18. The terminal device of claim 13, wherein the processor is further configured to execute the computer program to: trigger re-adaptation of the CSI acquisition scheme based on a third monitoring metric, or
the transceiver is further configured to:
transmit trigger information based on the third monitoring metric, the trigger information being used for triggering re-adaptation of the CSI acquisition scheme by the network device, wherein the third monitoring metric comprises at least one of:
data transmission performance;
position information of the terminal device;
CSI model performance of the terminal device;
a hybrid automatic repeat-request (HARQ) state; or
a channel quality condition,
wherein the data transmission performance comprises at least one of: a data throughput rate, a spectral efficiency, a block error rate (BLER), or a bit error rate (BER) of the terminal device.
19. The terminal device of claim 18, wherein the HARQ state comprises a number of HARQ retransmissions and/or a frequency of HARQ retransmissions of the terminal device, or
wherein the channel quality condition comprises at least one of: a signal to noise ratio (SNR), a signal interference noise ratio (SINR), a reference signal receiving power (RSRP), a reference signal received quality (RSRQ), or a received signal strength indication (RSSI). or
wherein the processor is further configured to execute the computer program to: perform, based on a fourth monitoring metric, scenario recognition on the wireless communication environment between the terminal device and the network device, to obtain the communication scenario information.

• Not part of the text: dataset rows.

lemma local_diffeo_half_plane_map:
  assumes "s\<^sup>2 = 1"
  shows "local_diffeo (half_plane_map s X0) (H0_set h) upper_half_plane"
proof -
  define \<gamma> where "\<gamma> p = inverse ((complex_lift u1 u1' p)\<^sup>2)" for p
  define \<kappa> where "\<kappa> p = (snd p)\<^sup>2 - h (fst p)" for p
  have H0: "snd p > 0" "\<kappa> p \<noteq> 0" "complex_lift u1 u1' p \<noteq> 0" if "p \<in> H0_set h" for p
    using that complex_lift_u1_nonzero[of p] by (auto simp: H0_set_def \<kappa>_def)
  have cont_\<gamma>: "continuous_on (H0_set h) \<gamma>"
    unfolding \<gamma>_def using H0(3) by (intro continuous_intros continuous_on_complex_lift[OF u1_deriv u1'_deriv]) simp
  have cont_\<kappa>: "continuous_on (H0_set h) \<kappa>"
    unfolding \<kappa>_def by (intro continuous_intros continuous_on_compose2[OF h_cont]) auto
  show ?thesis
  proof (rule local_diffeo_if_mat2_derivative[OF open_H0_set[OF h_cont],
        where a = "\<lambda>p. s * Re (\<gamma> p) * \<kappa> p" and b = "\<lambda>p. - s * Im (\<gamma> p)"
          and c = "\<lambda>p. Im (\<gamma> p) * \<kappa> p" and d = "\<lambda>p. Re (\<gamma> p)"])
    show "half_plane_map s X0 ` H0_set h \<subseteq> upper_half_plane"
      using H0 by (auto simp: upper_half_plane_def snd_half_plane_map case_prod_unfold)
    show "(half_plane_map s X0 has_derivative
        mat2 (s * Re (\<gamma> p) * \<kappa> p) (- s * Im (\<gamma> p)) (Im (\<gamma> p) * \<kappa> p) (Re (\<gamma> p))) (at p)"
      if "p \<in> H0_set h" for p
      using half_plane_map_has_derivative[of p s X0] H0(1)[OF that]
      by (simp add: conformal_jacobian_def \<gamma>_def \<kappa>_def)
    show "s * Re (\<gamma> p) * \<kappa> p * Re (\<gamma> p) - - s * Im (\<gamma> p) * (Im (\<gamma> p) * \<kappa> p) \<noteq> 0"
      if "p \<in> H0_set h" for p
    proof -
      have "s * Re (\<gamma> p) * \<kappa> p * Re (\<gamma> p) - - s * Im (\<gamma> p) * (Im (\<gamma> p) * \<kappa> p)
          = s * \<kappa> p * (cmod (\<gamma> p))\<^sup>2"
        unfolding cmod_power2 by (simp add: algebra_simps power2_eq_square)
      moreover have "\<gamma> p \<noteq> 0"
        using H0(3)[OF that] by (simp add: \<gamma>_def)
      ultimately show ?thesis
        using assms H0(2)[OF that] by auto
    qed
  qed (intro continuous_intros cont_\<gamma> cont_\<kappa>)+
qed

end

theorem lemma2p14:
  fixes h u1 u2 u1' u2' :: "real \<Rightarrow> real" and W X0 s :: real
  assumes h_cont: "continuous_on UNIV h"
    and d1: "\<And>x. (u1 has_real_derivative u1' x) (at x)"
    and d1': "\<And>x. (u1' has_real_derivative (- h x * u1 x)) (at x)"
    and d2: "\<And>x. (u2 has_real_derivative u2' x) (at x)"
    and d2': "\<And>x. (u2' has_real_derivative (- h x * u2 x)) (at x)"
    and lin_indep: "\<And>a b. (\<forall>x. a * u1 x + b * u2 x = 0) \<Longrightarrow> a = 0 \<and> b = 0"
    and wronskian: "\<And>x. u1' x * u2 x - u1 x * u2' x = W"
    and W_nz: "W \<noteq> 0"
    and sign: "s = 1 \<or> s = -1"
  shows "let F = (\<lambda>(x, \<Phi>).
             (X0 + s * inverse W * ((\<Phi>\<^sup>2 * u1 x * u2 x + u1' x * u2' x) / (\<Phi>\<^sup>2 * (u1 x)\<^sup>2 + (u1' x)\<^sup>2)),
              \<Phi> / (\<Phi>\<^sup>2 * (u1 x)\<^sup>2 + (u1' x)\<^sup>2)))
         in local_diffeo F (H0_set h) upper_half_plane \<and> pullback_metric_eq F h (H0_set h)"
proof -
  interpret wronskian_pair h u1 u2 u1' u2' W
    using h_cont d1 d1' d2 d2' wronskian W_nz by unfold_locales
  have "s\<^sup>2 = 1"
    using sign by auto
  then show ?thesis
    unfolding Let_def half_plane_map_eq[symmetric]
    using local_diffeo_half_plane_map pullback_metric_eq_half_plane_map by blast
qed

end
lemma approximable_rational:
  assumes "\<rho> \<in> \<rat>"
  shows "approximable \<rho> \<mu>"
  unfolding approximable_def
proof
  fix B :: real
  obtain p q :: int where "q > 0" and \<rho>: "\<rho> = real_of_int p / real_of_int q"
    using Rats_cases'[OF assms] by metis
  define t :: int where "t = \<lceil>\<bar>B\<bar>\<rceil> + 1"
  have "t > 0" "\<bar>B\<bar> < real_of_int t"
    unfolding t_def by linarith+
  moreover have "real_of_int t \<le> real_of_int q * real_of_int t"
    using \<open>q > 0\<close> \<open>t > 0\<close> by simp
  ultimately have "B < real_of_int (q * t)"
    using abs_ge_self[of B] by (simp only: of_int_mult)
  moreover have "real_of_int (p * t) / real_of_int (q * t) = \<rho>"
    using \<open>t > 0\<close> by (simp add: \<rho>)
  ultimately show "\<exists>m n::int. B < real_of_int n \<and> \<bar>\<rho> - real_of_int m / real_of_int n\<bar> \<le> real_of_int n powr (-\<mu>)"
    by (intro exI[of _ "p * t"] exI[of _ "q * t"]) simp
qed

lemma infinite_approximants_rational:
  fixes p q :: int
  assumes "q > 0" and "\<mu> < 1"
  shows "infinite (approximants (real_of_int p / real_of_int q) \<mu>)"
proof
  assume fin: "finite (approximants (real_of_int p / real_of_int q) \<mu>)"
  define f where "f t = (p * t + 1, q * t)" for t :: int
  have "inj_on f {2..}"
    using assms(1) by (auto simp: f_def inj_on_def)
  moreover have "f ` {2..} \<subseteq> approximants (real_of_int p / real_of_int q) \<mu>"
  proof (rule image_subsetI)
    fix t :: int assume t: "t \<in> {2..}"
    define x where "x = real_of_int (q * t)"
    have "1 * 2 \<le> q * t"
      using assms(1) t by (intro mult_mono) auto
    then have "x > 1"
      unfolding x_def by linarith
    have "real_of_int p / real_of_int q - real_of_int (p * t + 1) / real_of_int (q * t) = - (1 / x)"
      using assms(1) t \<open>x > 1\<close> unfolding x_def by (simp add: field_simps)
    moreover have "1 / x < x powr (-\<mu>)"
      using \<open>x > 1\<close> assms(2) powr_less_mono[of "-1" "-\<mu>" x] by (simp add: powr_minus_divide)
    ultimately show "f t \<in> approximants (real_of_int p / real_of_int q) \<mu>"
      using \<open>x > 1\<close> by (auto simp: f_def approximants_def x_def)
  qed
  ultimately have "finite {2::int..}"
    using fin finite_subset finite_imageD by metis
  then show False
    using infinite_Ici by blast
qed
lemma pick_lessThan:
  assumes "i < n"
  shows "pick {..<n} i = i"
proof -
  have "{a \<in> {..<n}. a < i} = {..<i}"
    using assms by auto
  then show ?thesis
    using pick_card_in_set[of i "{..<n}"] assms by simp
qed

lemma submatrix_lessThan:
  assumes "A \<in> carrier_mat m n"
  shows "submatrix A {..<m} {..<n} = A"
  using assms by (intro eq_matI) (auto simp: dim_submatrix submatrix_index pick_lessThan)

lemma invertible_submatrix_2x2:
  fixes A :: "'a::field mat"
  assumes A: "A \<in> carrier_mat m n"
    and I: "I \<subseteq> {..<m}" "card I = 2" and J: "J \<subseteq> {..<n}" "card J = 2"
    and minors: "\<And>i\<^sub>1 i\<^sub>2 j\<^sub>1 j\<^sub>2. i\<^sub>1 < i\<^sub>2 \<Longrightarrow> i\<^sub>2 < m \<Longrightarrow> j\<^sub>1 < j\<^sub>2 \<Longrightarrow> j\<^sub>2 < n \<Longrightarrow>
        A $$ (i\<^sub>1, j\<^sub>1) * A $$ (i\<^sub>2, j\<^sub>2) - A $$ (i\<^sub>1, j\<^sub>2) * A $$ (i\<^sub>2, j\<^sub>1) \<noteq> 0"
  shows "invertible_mat (submatrix A I J)"
proof -
  have rows: "{i. i < dim_row A \<and> i \<in> I} = I" and cols: "{j. j < dim_col A \<and> j \<in> J} = J"
    using A I(1) J(1) by auto
  have S: "submatrix A I J \<in> carrier_mat 2 2"
    using dim_submatrix[of A I J] unfolding rows cols I(2) J(2) by auto
  have entry: "submatrix A I J $$ (r, c) = A $$ (pick I r, pick J c)" if "r < 2" "c < 2" for r c
    using that by (intro submatrix_index) (simp_all only: rows cols I(2) J(2))
  have "pick I 0 < pick I 1" "pick I 1 \<in> I" "pick J 0 < pick J 1" "pick J 1 \<in> J"
    by (intro pick_mono pick_in_set; simp add: I(2) J(2))+
  with I J have "A $$ (pick I 0, pick J 0) * A $$ (pick I 1, pick J 1)
      - A $$ (pick I 0, pick J 1) * A $$ (pick I 1, pick J 0) \<noteq> 0"
    by (intro minors) auto
  then show ?thesis
    by (intro invertible_mat_2x2[OF S]) (simp add: entry)
qed

lemma invertible_mat_if_kernel_trivial_enum:
  fixes f :: "'i \<Rightarrow> 'i \<Rightarrow> 'a::field" and e :: "nat \<Rightarrow> 'i"
  assumes e: "bij_betw e {..<n} UNIV"
    and kernel: "\<And>V z. (\<And>x. (\<Sum>y\<in>UNIV. f x y * V y) = 0) \<Longrightarrow> V z = 0"
  shows "invertible_mat (mat n n (\<lambda>(i, j). f (e i) (e j)))" (is "invertible_mat ?M")
proof (rule invertible_mat_if_kernel_trivial)
  show "?M \<in> carrier_mat n n"
    by simp
  fix v :: "'a vec"
  assume v: "v \<in> carrier_vec n" and Mv: "?M *\<^sub>v v = 0\<^sub>v n"
  define V where "V y = v $ inv_into {..<n} e y" for y
  have V_e: "V (e j) = v $ j" if "j < n" for j
    using e that by (simp add: V_def bij_betw_inv_into_left)
  have "(\<Sum>y\<in>UNIV. f x y * V y) = 0" for x
  proof -
    obtain i where i: "i < n" "x = e i"
      using e by (metis UNIV_I bij_betw_def imageE lessThan_iff)
    have "(\<Sum>y\<in>UNIV. f x y * V y) = (\<Sum>j<n. f x (e j) * V (e j))"
      using sum.reindex_bij_betw[OF e, of "\<lambda>y. f x y * V y"] by simp
    also have "\<dots> = (?M *\<^sub>v v) $ i"
      using i v by (simp add: scalar_prod_def V_e atLeast0LessThan)
    also have "\<dots> = 0"
      using Mv i by simp
    finally show ?thesis .
  qed
  then have "V y = 0" for y
    by (rule kernel)
  with v V_e show "v = 0\<^sub>v n"
    by (intro eq_vecI) auto
qed
lemma controlled_mono: "controlled p lam j y \<Longrightarrow> i \<le> j \<Longrightarrow> controlled p lam i y"
  unfolding controlled_def by auto

lemma controlled_eq_coarser:
  assumes "y \<in> {0..1}" "z \<in> {0..1}" "atom_at N y = atom_at N z" "j \<le> N"
  shows "controlled p lam j y = controlled p lam j z"
  unfolding controlled_def using avg_seq_eq_coarser[OF assms(1-3)] assms(4) by fastforce

lemma controlled_in_atom:
  assumes "I \<in> D n" "y \<in> I" "z \<in> I"
  shows "controlled p lam n y = controlled p lam n z"
proof (rule controlled_eq_coarser)
  show "atom_at n y = atom_at n z" using atom_at_eq[OF assms(1)] assms(2,3) by simp
qed (use assms atom_subset[OF assms(1)] in blast)+

lemma stopped_sq_sum_eq_coarser:
  assumes "y \<in> {0..1}" "z \<in> {0..1}" "atom_at N y = atom_at N z"
  shows "stopped_sq_sum p lam n N y = stopped_sq_sum p lam n N z"
  unfolding stopped_sq_sum_def
  using controlled_eq_coarser[OF assms] avg_seq_eq_coarser[OF assms]
  by (intro sum.cong) auto

lemma stopped_sq_sum_Suc:
  "n < N \<Longrightarrow> stopped_sq_sum p lam n N y
    = (if controlled p lam (Suc n) y then (avg_seq f y (Suc n) - avg_seq f y n)\<^sup>2 else 0)
      + stopped_sq_sum p lam (Suc n) N y"
  unfolding stopped_sq_sum_def by (simp add: sum.atLeast_Suc_lessThan)

lemma stopped_sq_sum_uncontrolled:
  "\<not> controlled p lam (Suc n) y \<Longrightarrow> stopped_sq_sum p lam n N y = 0"
  unfolding stopped_sq_sum_def
  by (intro sum.neutral ballI) (metis atLeastLessThan_iff controlled_mono Suc_le_mono)

lemma stopped_sq_sum_mono: "N \<le> N' \<Longrightarrow> stopped_sq_sum p lam n N y \<le> stopped_sq_sum p lam n N' y"
  unfolding stopped_sq_sum_def by (rule sum_mono2) simp_all

lemma large_sq_set_mono:
  assumes "N \<le> N'"
  shows "large_sq_set p lam N n I s \<subseteq> large_sq_set p lam N' n I s"
proof
  fix y assume "y \<in> large_sq_set p lam N n I s"
  then show "y \<in> large_sq_set p lam N' n I s"
    using stopped_sq_sum_mono[OF assms, of p lam n y] unfolding large_sq_set_def by auto
qed

lemma large_sq_set_sets:
  assumes "I \<in> D n" "n \<le> N"
  shows "large_sq_set p lam N n I s \<in> sets M"
  unfolding large_sq_set_def
  by (rule atom_subset_sets_determined[OF assms]) (use stopped_sq_sum_eq_coarser in metis)

lemma controlled_abs_avg_le:
  assumes I: "I \<in> D n" and "p \<le> n" and "\<forall>y\<in>I. controlled p lam n y"
  shows "\<bar>avg M I f\<bar> \<le> 4 * lam"
proof -
  obtain y where y: "y \<in> I" using atom_nonempty[OF I] by blast
  have "avg_seq (\<lambda>x. \<bar>f x\<bar>) y n \<le> 4 * lam" using assms y unfolding controlled_def by auto
  then show ?thesis
    using abs_avg_le_avg_abs[OF integrable_f atom_sets[OF I]] avg_seq_eq[OF I y] by simp
qed

text \<open>In large_sq_set the parameter s carries the part of the stopped square sum already
  accumulated above level n; a child either keeps the control and inherits s plus its own increment,
  or loses it, after which no further increment is counted.\<close>

definition large_sq_piece :: "nat \<Rightarrow> real \<Rightarrow> nat \<Rightarrow> nat \<Rightarrow> real set \<Rightarrow> real \<Rightarrow> real set \<Rightarrow> real set" where
  "large_sq_piece p lam N n I s I' =
    (if \<forall>y\<in>I'. controlled p lam (Suc n) y
     then large_sq_set p lam N (Suc n) I' (s + (avg M I' f - avg M I f)\<^sup>2)
     else if 96 * lam\<^sup>2 < s then I' else {})"

lemma large_sq_set_cover:
  assumes "n < N" and I: "I \<in> D n"
  shows "large_sq_set p lam N n I s \<subseteq> (\<Union>I'\<in>ch D I n. large_sq_piece p lam N n I s I')"
proof
  fix y assume y: "y \<in> large_sq_set p lam N n I s"
  then have "y \<in> I" by (simp add: large_sq_set_def)
  define I' where "I' = atom_at (Suc n) y"
  have I': "I' \<in> ch D I n" "I' \<in> D (Suc n)" "y \<in> I'"
    using atom_at_Suc_in_ch[OF I \<open>y \<in> I\<close>] ch_subset_atoms mem_atom_at atom_subset[OF I] \<open>y \<in> I\<close>
    unfolding I'_def by blast+
  have "y \<in> large_sq_piece p lam N n I s I'"
  proof (cases "\<forall>z\<in>I'. controlled p lam (Suc n) z")
    case True
    then have "(avg_seq f y (Suc n) - avg_seq f y n)\<^sup>2 = (avg M I' f - avg M I f)\<^sup>2"
      using avg_seq_eq[OF I'(2,3)] avg_seq_eq[OF I \<open>y \<in> I\<close>] by simp
    then show ?thesis
      using True y I'(3) stopped_sq_sum_Suc[OF \<open>n < N\<close>, of p lam y]
      unfolding large_sq_piece_def large_sq_set_def by (simp add: add.assoc)
  next
    case False
    then have "\<not> controlled p lam (Suc n) y" using controlled_in_atom[OF I'(2,3)] by blast
    then have "96 * lam\<^sup>2 < s"
      using y stopped_sq_sum_uncontrolled unfolding large_sq_set_def by simp
    then have "large_sq_piece p lam N n I s I' = I'"
      unfolding large_sq_piece_def by (subst if_not_P[OF False]) simp
    then show ?thesis using I'(3) by simp
  qed
  then show "y \<in> (\<Union>I'\<in>ch D I n. large_sq_piece p lam N n I s I')" using I'(1) by blast
qed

20. The terminal device of claim 19, wherein the transceiver is further configured to:
transmit the communication scenario information,
wherein the fourth monitoring metric comprises at least one of:
downlink channel information;
position information of the terminal device; or
CSI model performance of the terminal device,
wherein the processor is further configured to execute the computer program to:
request the network device to transmit a reference signal for the scenario recognition;
the transceiver is further configured to receive the reference signal; and
the processor is further configured to execute the computer program to: perform downlink channel measurement based on the reference signal to obtain a downlink channel measurement result, the downlink channel measurement result being used for performing the scenario recognition by the terminal device.